If you are using IBM® LoadLeveler® or Open Grid
Scheduler/Grid Engine, there are ready-to-go scripts already provided
in the $JS_TOP/$JS_VERSION/examples/conf/other_batch
directory.
If you are using a different batch system than IBM LoadLeveler or Open Grid Scheduler/Grid Engine, you will need to modify these files and map job submission, control, and query commands for your specific batch system.
The scripts must be bash shell scripts.
submit.sh
Description | Input | Output | Exit Code |
---|---|---|---|
Job submission command and options for the specific batch system. The script is executed on the Other Batch System host to submit jobs. If you require additional submission options from the ones that are provided by default, you can list additional options in the configuration file submit.conf. Runs as the user account defined in the Job Definition: the user account who submitted the job, or the user account specified in the Job Definition. Each submission option in the script has an associated environment variable that is passed to the submission script. Default job submission options exposed in the Job Definition are:
Note that the user is required to provide values for required options. |
Environment variables
Additional custom environment variables specified in submit.conf, if used. |
On Success: Job ID On Error: Error messages if applicable |
Zero on success. Non-zero on failure. Error messages must be printed to standard error |
submit.conf
Customized job submission options that are displayed in Flow Editor in the Job Definition.
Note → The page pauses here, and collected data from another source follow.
theorem theorem1:
  fixes p q :: nat and a :: cl
  assumes "p + q \<ge> 1"
    and "a \<in> cl_carrier p q"
  shows "(even (p + q) \<longrightarrow>
            (\<forall>C. cl_grade0 a C = 1 / 2 ^ (p + q) *
               (\<Sum>J\<in>Pow {1..p+q}. cl_mult p q (cl_mult p q (cl_basis J) a) (cl_upJ p q J) C)))
       \<and> (odd (p + q) \<longrightarrow>
            (\<forall>C. cl_grade0 a C = 1 / 2 ^ (p + q + 1) *
               (\<Sum>J\<in>Pow {1..p+q}. cl_mult p q (cl_mult p q (cl_basis J) a) (cl_upJ p q J) C)
             + 1 / 2 ^ (p + q + 1) *
               (\<Sum>J\<in>Pow {1..p+q}. cl_mult p q (cl_mult p q (cl_basis J) (cl_star a)) (cl_upJ p q J) C)))"
proof (intro conjI impI allI)
  fix C
  show "cl_grade0 a C = 1 / 2 ^ (p + q) *
          (\<Sum>J\<in>Pow {1..p+q}. cl_mult p q (cl_mult p q (cl_basis J) a) (cl_upJ p q J) C)"
    if "even (p + q)"
    using that unfolding cl_sum_conjugates_coeff[OF assms(2)] by (simp add: cl_grade0_def)
  assume odd: "odd (p + q)"
  have "cl_grade0 a C = (if C = {} \<or> C = {1..p+q} then 2 ^ (p + q) * (a C + cl_star a C) else 0) / 2 ^ (p + q + 1)"
  proof (cases "C = {}")
    case False
    then show ?thesis
      using odd by (simp add: cl_grade0_def cl_star_def)
  qed (simp add: cl_grade0_def cl_star_def)
  then show "cl_grade0 a C = 1 / 2 ^ (p + q + 1) *
          (\<Sum>J\<in>Pow {1..p+q}. cl_mult p q (cl_mult p q (cl_basis J) a) (cl_upJ p q J) C)
        + 1 / 2 ^ (p + q + 1) *
          (\<Sum>J\<in>Pow {1..p+q}. cl_mult p q (cl_mult p q (cl_basis J) (cl_star a)) (cl_upJ p q J) C)"
    unfolding cl_sum_conjugates_coeff[OF assms(2)] cl_sum_conjugates_coeff[OF cl_star_carrier[OF assms(2)]]
    using odd by (simp add: add_divide_distrib distrib_left)
qed

end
The options listed in this file are displayed in addition to the default job submission options.
Note that after defining the environment variables in submit.conf, you will need to modify submit.sh to map the environment variables to actual options in the submit.sh file. You will need to add the new options to submit.sh.
Only labels and text fields (text strings) are supported as customized submission options. No type checking is enforced for the input.
Each line must contain three fields: Label, Environment Variable, and Required(1 indicates required, 0 optional). Lines that start with # are ignored.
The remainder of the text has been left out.